Considerable progress has been made in isolating the active chemicals and evaluating them pharmacologically (Table 2). Chemical screening applied to 14 insect species has confirmed the presence of proteins, terpenoids (triterpenoids and steroids, carotenoids, iridoids, tropolones), sugars, polyols and mucilages, saponins, polyphenolic glycosides, quinones, anthraquinone glycosides, cyanogenic glycosides, and alkaloids (Ramos-Elorduy et al. 1999). Antibacterial proteins extracted from insects include cecropin A and B (from Hyalophora cecropia [L., 1758]), sarcotoxin IA, IB, IC (Sarcophaga peregrine [(Robineau-Desvoidy, 1830)]), sapecin (S. peregrina), defensin (Drosophila melanogaster [Meigen, 1830]), attacin (Bombyx mori), diptericin (D. melanogaster), moricin (B. mori), and drosocin (B. mori) (Yamakawa 1998).
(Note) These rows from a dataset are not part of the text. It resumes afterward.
lemma sum_atMost_reflect: "(\<Sum>i\<le>d. f (d - i)) = (\<Sum>i\<le>(d::nat). (f i :: 'b::comm_monoid_add))"
  by (rule sum.reindex_bij_witness[where i="\<lambda>i. d - i" and j="\<lambda>i. d - i"]) auto

abbreviation mv_pow :: "'a::field^'n^'n \<Rightarrow> nat \<Rightarrow> 'a^'n \<Rightarrow> 'a^'n" where
  "mv_pow X n \<equiv> ((*v) X) ^^ n"

lemma mv_pow_add: "mv_pow X n (x + y) = mv_pow X n x + mv_pow X n y"
  by (induction n) (auto simp: matrix_vector_right_distrib)

lemma mv_pow_scale: "mv_pow X n (c *s x) = c *s mv_pow X n x"
  by (induction n) (auto simp: vector_scalar_commute)

lemma mv_pow_zero: "mv_pow X n 0 = 0"
  by (induction n) auto

lemma mv_pow_sum: "finite S \<Longrightarrow> mv_pow X n (\<Sum>j\<in>S. f j) = (\<Sum>j\<in>S. mv_pow X n (f j))"
  by (induction S rule: finite_induct) (auto simp: mv_pow_add mv_pow_zero)

lemma mv_pow_Suc_right: "mv_pow X (Suc n) x = mv_pow X n (X *v x)"
  by (simp add: funpow_Suc_right del: funpow.simps)

section \<open>Coordinates with respect to a basis indexed by \<open>{..d}\<close>\<close>

definition coord :: "nat \<Rightarrow> (nat \<Rightarrow> 'a::field^'n) \<Rightarrow> 'a^'n \<Rightarrow> nat \<Rightarrow> 'a" where
  "coord d v x = (SOME c. (\<forall>i>d. c i = 0) \<and> x = (\<Sum>i\<le>d. c i *s v i))"

locale indexed_basis =
  fixes d :: nat and v :: "nat \<Rightarrow> 'a::field^'n"
  assumes independent: "(\<Sum>i\<le>d. c i *s v i) = 0 \<Longrightarrow> i \<le> d \<Longrightarrow> c i = 0"
    and spanning: "\<exists>c. x = (\<Sum>i\<le>d. c i *s v i)"
begin

lemma coord_spec: "(\<forall>i>d. coord d v x i = 0) \<and> x = (\<Sum>i\<le>d. coord d v x i *s v i)"
proof -
  obtain c where c: "x = (\<Sum>i\<le>d. c i *s v i)" using spanning by blast
  let ?c = "\<lambda>i. if i \<le> d then c i else 0"
  have "(\<forall>i>d. ?c i = 0) \<and> x = (\<Sum>i\<le>d. ?c i *s v i)" using c by auto
  then show ?thesis
    unfolding coord_def by (rule someI[where P="\<lambda>c. (\<forall>i>d. c i = 0) \<and> x = (\<Sum>i\<le>d. c i *s v i)"])
qed

lemma coord_high: "d < i \<Longrightarrow> coord d v x i = 0"
  using coord_spec by blast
As Montaño-Pérez and Vargas-Albores (2002) point out, cecropins are able to inhibit the growth of Gram bacteria, while defensins are specific against Gram+ bacteria. A systematic survey of biologically active substances in solitary wasp venoms has identified novel peptide neurotoxins, pompilidotoxins (PMTXs), from the venom of the spider wasps Anoplius samariensis Pal. and Pseudagenia (Batozonellus) maculifrons Sm. in Japan (Konno et al. 1998). During this survey, a new mast cell degranulating peptide designated as eumenine mastoparan-AF (EMP-AF) was identified in the venom of the wasp Anterhynchium flavomarginatum micado Kirsch, the most abundant eumenine wasp in Japan (Konno et al. 2000). These authors state that these toxins may be useful not only for basic neuroscience research but also for the development of therapeutic agents for neurological disorders.

TABLE 2.

Examples of insect-derived chemicals and products proven pharmacologically active.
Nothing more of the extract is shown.